→ TASK DIRECTIONS:
Please give back, word for word, only the lines starting at the one containing "real) \<Rightarrow> ('w \<Rightarrow> real) list" and ending at the one containing "(\<forall>\<phi>. lLip (Suc" within the material below.

→ PROVIDED ENTRIES:

(* Let $X,X_1,X_2,\dots$ be random variables in a sub-linear expectation space $(\Omega,\mathscr H,\hat{\mathbb E})$ with $\{X_n\}$ independent, $X_n\overset d=X$ for all $n$, and $\hat{\mathbb E}[X]=\hat{\mathcal E}[X]=0$. Let $S_n=\sum_{i=1}^nX_i$, $V_n^2=\sum_{i=1}^nX_i^2$, $l(x)=\hat{\mathbb E}[X^2\wedge x^2]$, and assume: (I) $\mathbb V(|X|\ge x)=o(x^{-2}l(x))$ as $x\to\infty$; (II) $\limsup_{x\to\infty}\hat{\mathbb E}[X^2\wedge x^2]/\hat{\mathcal E}[X^2\wedge x^2]<\infty$; (III) $\hat{\mathbb E}[(|X|-c)^+]\to0$ as $c\to\infty$; (IV) $x_n\to\infty$ and $x_n=o(\sqrt n)$. Let $b_0=\inf\{x\ge0:l(x)>0\}$ and $z_n=\inf\{s\ge b_0+1: l(s)/s^2\le x_n^2/n\}$. Then for every $0<\delta<1$, as $n\to\infty$, $$\mathbb V\big(S_n\ge x_nV_n,\ \delta nl(z_n)\le V_n^2\le 9nl(z_n)\big)\le\exp\Big\{-\frac{x_n^2}{2}+o(x_n^2)\Big\}.$$
   Context: Sub-linear expectation space: $\mathscr H$ is a linear space of real functions on a measurable space $(\Omega,\mathcal F)$, closed under $\varphi(X_1,\dots,X_n)$ for $\varphi$ bounded continuous or locally Lipschitz with polynomial growth; $\hat{\mathbb E}:\mathscr H\to[-\infty,\infty]$ is monotone, constant preserving, sub-additive and positively homogeneous. $\hat{\mathcal E}[X]=-\hat{\mathbb E}[-X]$; $\mathbb V(A)=\inf\{\hat{\mathbb E}[\xi]:I_A\le\xi,\xi\in\mathscr H\}$. Independence: $\mathbf Y$ is independent of $\mathbf X$ if $\hat{\mathbb E}[\varphi(\mathbf X,\mathbf Y)]=\hat{\mathbb E}[\hat{\mathbb E}[\varphi(\mathbf x,\mathbf Y)]|_{\mathbf x=\mathbf X}]$ for all locally Lipschitz $\varphi$ of polynomial growth (whenever the relevant expectations are finite); $\{X_n\}$ is independent if $X_{i+1}$ is independent of $(X_1,\dots,X_i)$ for each $i$. $X_n\overset d=X$ means $\hat{\mathbb E}[\varphi(X_n)]=\hat{\mathbb E}[\varphi(X)]$ for all such $\varphi$. $a\wedge b=\min(a,b)$. *)

theory Defs
  imports "HOL-Analysis.Analysis" "HOL-Library.Landau_Symbols"
begin

definition vnorm :: "real list \<Rightarrow> real" where
  "vnorm xs = sqrt (sum_list (map (\<lambda>x. x\<^sup>2) xs))"

definition vdiff :: "real list \<Rightarrow> real list \<Rightarrow> real list" where
  "vdiff xs ys = map2 (-) xs ys"

definition lLip :: "nat \<Rightarrow> (real list \<Rightarrow> real) \<Rightarrow> bool" where
  "lLip n \<phi> \<longleftrightarrow> (\<exists>C (m::nat). \<forall>x y. length x = n \<longrightarrow> length y = n \<longrightarrow>
      \<bar>\<phi> x - \<phi> y\<bar> \<le> C * (1 + vnorm x ^ m + vnorm y ^ m) * vnorm (vdiff x y))"

definition bcont :: "nat \<Rightarrow> (real list \<Rightarrow> real) \<Rightarrow> bool" where
  "bcont n \<phi> \<longleftrightarrow> (\<exists>B. \<forall>x. length x = n \<longrightarrow> \<bar>\<phi> x\<bar> \<le> B) \<and>
     (\<forall>x. length x = n \<longrightarrow> (\<forall>e>0. \<exists>d>0. \<forall>y. length y = n \<longrightarrow>
         vnorm (vdiff y x) < d \<longrightarrow> \<bar>\<phi> y - \<phi> x\<bar> < e))"

definition vec :: "('w \<Rightarrow> real) list \<Rightarrow> 'w \<Rightarrow> real list" where
  "vec Xs \<omega> = map (\<lambda>f. f \<omega>) Xs"

definition sublinear_expectation_space ::
  "('w \<Rightarrow> real) set \<Rightarrow> (('w \<Rightarrow> real) \<Rightarrow> ereal) \<Rightarrow> bool" where
  "sublinear_expectation_space H E \<longleftrightarrow>
     (\<forall>c. (\<lambda>_. c) \<in> H) \<and>
     (\<forall>X\<in>H. \<forall>Y\<in>H. (\<lambda>\<omega>. X \<omega> + Y \<omega>) \<in> H) \<and>
     (\<forall>X\<in>H. \<forall>c. (\<lambda>\<omega>. c * X \<omega>) \<in> H) \<and>
     (\<forall>Xs \<phi>. set Xs \<subseteq> H \<longrightarrow> (bcont (length Xs) \<phi> \<or> lLip (length Xs) \<phi>) \<longrightarrow>
         (\<lambda>\<omega>. \<phi> (vec Xs \<omega>)) \<in> H) \<and>
     (\<forall>X\<in>H. \<forall>Y\<in>H. (\<forall>\<omega>. X \<omega> \<le> Y \<omega>) \<longrightarrow> E X \<le> E Y) \<and>
     (\<forall>c. E (\<lambda>_. c) = ereal c) \<and>
     (\<forall>X\<in>H. \<forall>Y\<in>H. E (\<lambda>\<omega>. X \<omega> + Y \<omega>) \<le> E X + E Y) \<and>
     (\<forall>X\<in>H. \<forall>c>0. E (\<lambda>\<omega>. c * X \<omega>) = ereal c * E X)"

definition lowerE :: "(('w \<Rightarrow> real) \<Rightarrow> ereal) \<Rightarrow> ('w \<Rightarrow> real) \<Rightarrow> ereal" where
  "lowerE E X = - E (\<lambda>\<omega>. - X \<omega>)"

definition capV :: "('w \<Rightarrow> real) set \<Rightarrow> (('w \<Rightarrow> real) \<Rightarrow> ereal) \<Rightarrow> 'w set \<Rightarrow> ereal" where
  "capV H E A = Inf {E \<xi> | \<xi>. \<xi> \<in> H \<and> (\<forall>\<omega>. indicator A \<omega> \<le> \<xi> \<omega>)}"

definition indep_of ::
  "('w \<Rightarrow> real) set \<Rightarrow> (('w \<Rightarrow> real) \<Rightarrow> ereal) \<Rightarrow> ('w \<Rightarrow> real) \<Rightarrow> ('w \<Rightarrow> real) list \<Rightarrow> bool" where
  "indep_of H E Y Xs \<longleftrightarrow>
     (\<forall>\<phi>. lLip (Suc (length Xs)) \<phi> \<longrightarrow>
        (\<forall>x. length x = length Xs \<longrightarrow> \<bar>E (\<lambda>\<omega>. \<phi> (x @ [Y \<omega>]))\<bar> \<noteq> \<infinity>) \<longrightarrow>
        E (\<lambda>\<omega>. \<phi> (vec Xs \<omega> @ [Y \<omega>])) =
        E (\<lambda>\<omega>. real_of_ereal (E (\<lambda>\<omega>'. \<phi> (vec Xs \<omega> @ [Y \<omega>'])))))"

definition indep_seq ::
  "('w \<Rightarrow> real) set \<Rightarrow> (('w \<Rightarrow> real) \<Rightarrow> ereal) \<Rightarrow> (nat \<Rightarrow> 'w \<Rightarrow> real) \<Rightarrow> bool" where
  "indep_seq H E X \<longleftrightarrow> (\<forall>i\<ge>1. indep_of H E (X (i+1)) (map X [1..<i+1]))"

definition ident_distr ::
  "(('w \<Rightarrow> real) \<Rightarrow> ereal) \<Rightarrow> ('w \<Rightarrow> real) \<Rightarrow> ('w \<Rightarrow> real) \<Rightarrow> bool" where
  "ident_distr E Y X \<longleftrightarrow> (\<forall>\<phi>. lLip 1 \<phi> \<longrightarrow> E (\<lambda>\<omega>. \<phi> [Y \<omega>]) = E (\<lambda>\<omega>. \<phi> [X \<omega>]))"

end

theory Submission
  imports Defs
begin

text \<open>For \<open>\<lambda> > 0\<close> the products \<open>\<Prod>j=1..n. exp (\<lambda> X\<^sub>j - \<lambda>\<^sup>2 X\<^sub>j\<^sup>2 / 2) = exp (\<lambda> S\<^sub>n - \<lambda>\<^sup>2 V\<^sub>n\<^sup>2 / 2)\<close>
  have sub-linear expectation \<open>(E exp (\<lambda> X - \<lambda>\<^sup>2 X\<^sup>2 / 2))\<^sup>n\<close> by independence, and an
  elementary bound on \<open>exp (y - y\<^sup>2/2)\<close>, together with conditions (I) and (III) for the tail of \<open>X\<close>,
  gives \<open>E exp (\<lambda> X - \<lambda>\<^sup>2 X\<^sup>2 / 2) \<le> 1 + o(x\<^sub>n\<^sup>2 / n)\<close> for all \<open>\<lambda>\<close> of order \<open>x\<^sub>n / \<surd>(n l(z\<^sub>n))\<close>.
  On the event, \<open>V\<^sub>n\<close> lies in one of finitely many geometric shells \<open>[b, (1+\<rho>) b]\<close>, and on such a
  shell \<open>\<lambda> = x\<^sub>n / b\<close> makes \<open>\<lambda> S\<^sub>n - \<lambda>\<^sup>2 V\<^sub>n\<^sup>2 / 2 \<ge> x\<^sub>n\<^sup>2 (1 - \<rho>\<^sup>2) / 2\<close>. Chebyshev's inequality on each
  shell and a union bound over the shells give \<open>exp (- x\<^sub>n\<^sup>2 (1 - \<rho>\<^sup>2) / 2 + o(x\<^sub>n\<^sup>2))\<close> for every
  fixed \<open>\<rho>\<close>, and letting \<open>\<rho>\<close> tend to \<open>0\<close> along a diagonal yields the \<open>o(x\<^sub>n\<^sup>2)\<close> correction.\<close>

lemma nth_le_vnorm: "j < length x \<Longrightarrow> \<bar>x ! j\<bar> \<le> vnorm x"
proof -
  assume j: "j < length x"
  have "(x ! j)\<^sup>2 \<le> sum_list (map (\<lambda>a. a\<^sup>2) x)"
    using j by (intro member_le_sum_list) auto
  then show ?thesis
    unfolding vnorm_def by (metis real_sqrt_abs real_sqrt_le_mono)
qed

lemma nth_diff_le_vnorm_vdiff:
  "j < length x \<Longrightarrow> length x = length y \<Longrightarrow> \<bar>x ! j - y ! j\<bar> \<le> vnorm (vdiff x y)"
  using nth_le_vnorm[of j "vdiff x y"] by (simp add: vdiff_def)

lemma lLip_one_of_scalar:
  assumes "\<And>a b. \<bar>\<phi> a - \<phi> b\<bar> \<le> C * (1 + \<bar>a\<bar>^m + \<bar>b\<bar>^m) * \<bar>a - b\<bar>"
  shows "lLip 1 (\<lambda>v. \<phi> (hd v))"
  unfolding lLip_def
proof (intro exI allI impI)
  fix x y :: "real list" assume "length x = 1" "length y = 1"
  then obtain a b where "x = [a]" "y = [b]"
    by (metis One_nat_def length_0_conv length_Suc_conv)
  then show "\<bar>\<phi> (hd x) - \<phi> (hd y)\<bar> \<le> C * (1 + vnorm x ^ m + vnorm y ^ m) * vnorm (vdiff x y)"
    using assms[of a b] by (simp add: vnorm_def vdiff_def)
qed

→ TASK SOLUTION:
  "('w \<Rightarrow> real) set \<Rightarrow> (('w \<Rightarrow> real) \<Rightarrow> ereal) \<Rightarrow> ('w \<Rightarrow> real) \<Rightarrow> ('w \<Rightarrow> real) list \<Rightarrow> bool" where
  "indep_of H E Y Xs \<longleftrightarrow>
     (\<forall>\<phi>. lLip (Suc (length Xs)) \<phi> \<longrightarrow>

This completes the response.